# photographing pottery



## Skyeg (Apr 24, 2004)

iv been asked to photograph som pottery, it is colorful and very glossy and reflective.  iv only really photographed people and plants.  how would you set it up?  im thinking a curved grey background...but what about lighting?

thanks for any info you can provide


----------



## drlynn (Apr 24, 2004)

You definitely want to control the lighting very carefully.  I would suggest an open window, and a white reflector on the off side to fill in the shadows.
Light from an open window on a clear day is very easy to control, since it is coming just from one direction.  Be sure to cut all lamps, overhead lights, etc. off and block any other windows except the one you're using for your source.  The reflector ( a piece of white posterboard will serve as a substitute if you don't have a reflector) will bounce a bit of soft light into the shadows.  The closer you put the reflector, the more light it will bounce onto the pottery.

If you have access to studio equipment, be sure to use softboxes to cut the glare.  I have heard great things about some of the small, self-contained light boxes that are sold for product photography for eBay, etc.

But unless the person you're shooting for wants commercial product photography, I would prefer the natural light method.  If the day is fairly bright and the walls in the room you're using are light, you might not even need the reflector to get good results.  Open shade, such as on a covered porch or under a tree also helps you control the direction and quality of your light and avoid hot spots.

The most important thing (obviously.  Not trying to insult your intelligence here, I'm just obsessive about stating the obvious, just in case it isn';t obvious to someone   ) is to NOT use flash unless you have a good softbox or some equivalent attached.  And then take some with and without the flash to make sure you didn't get any hot spots off the shiny glaze finish of the pottery.

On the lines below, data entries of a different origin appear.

lemma norming_functional_image_le_ray_inf:
  assumes f: "nonexpansive_on UNIV f"
    and line: "\<And>t. 0 \<le> t \<Longrightarrow> u (f (p + t *\<^sub>R e)) = u p + t * norm e"
    and u: "u \<in> norming_functionals e"
  shows "u (p - f w) \<le> ray_inf norm e (p - w)"
proof (rule ray_inf_greatest)
  fix t :: real assume "0 \<le> t"
  have "linear u" using u by (simp add: norming_functionals_def)
  have "u p + t * norm e - u (f w) = u (f (p + t *\<^sub>R e) - f w)"
    using line[OF \<open>0 \<le> t\<close>] linear_diff[OF \<open>linear u\<close>] by simp
  also have "\<dots> \<le> norm (f (p + t *\<^sub>R e) - f w)" by (rule norming_functional_le_norm[OF u])
  also have "\<dots> \<le> norm (p + t *\<^sub>R e - w)" by (rule nonexpansive_onD[OF f]) simp_all
  also have "p + t *\<^sub>R e - w = p - w + t *\<^sub>R e" by simp
  finally show "u (p - f w) \<le> norm (p - w + t *\<^sub>R e) - t * norm e"
    using linear_diff[OF \<open>linear u\<close>, of p "f w"] by simp
qed

definition norming_cap :: "'a::real_normed_vector \<Rightarrow> 'a \<Rightarrow> real \<Rightarrow> 'a set" where
  "norming_cap p e R = cball p R \<inter> (\<Inter>u\<in>norming_functionals e. {w. R \<le> u (w - p)})"

lemma linear_halfspace_eq_vimage:
  fixes u :: "'a::real_vector \<Rightarrow> real"
  shows "linear u \<Longrightarrow> {w. R \<le> u (w - p)} = u -` {R + u p..}"
  by (auto simp: linear_diff algebra_simps)

lemma closed_norming_cap: "closed (norming_cap p e R)"
  unfolding norming_cap_def
proof (intro closed_Int closed_cball closed_INT ballI)
  fix u assume "u \<in> norming_functionals e"
  then have "bounded_linear u" by (rule norming_functional_bounded_linear)
  then show "closed {w. R \<le> u (w - p)}"
    by (simp add: linear_halfspace_eq_vimage bounded_linear.linear continuous_closed_vimage
        linear_continuous_at)
qed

Sorry if I 've rambled on too much.  Hope something here helped.


----------



## Skyeg (Apr 24, 2004)

thanks, that did help....i was hoping you wouldnt say to use a window.... windows arnt as fun at a bunch of fancy lights and stuff... i probubly wont be able to use a window, so ill pick up a softbox.   should the light source be above the pot? and if so by how much?  should i still use a reflector? or use a seccond flash?


----------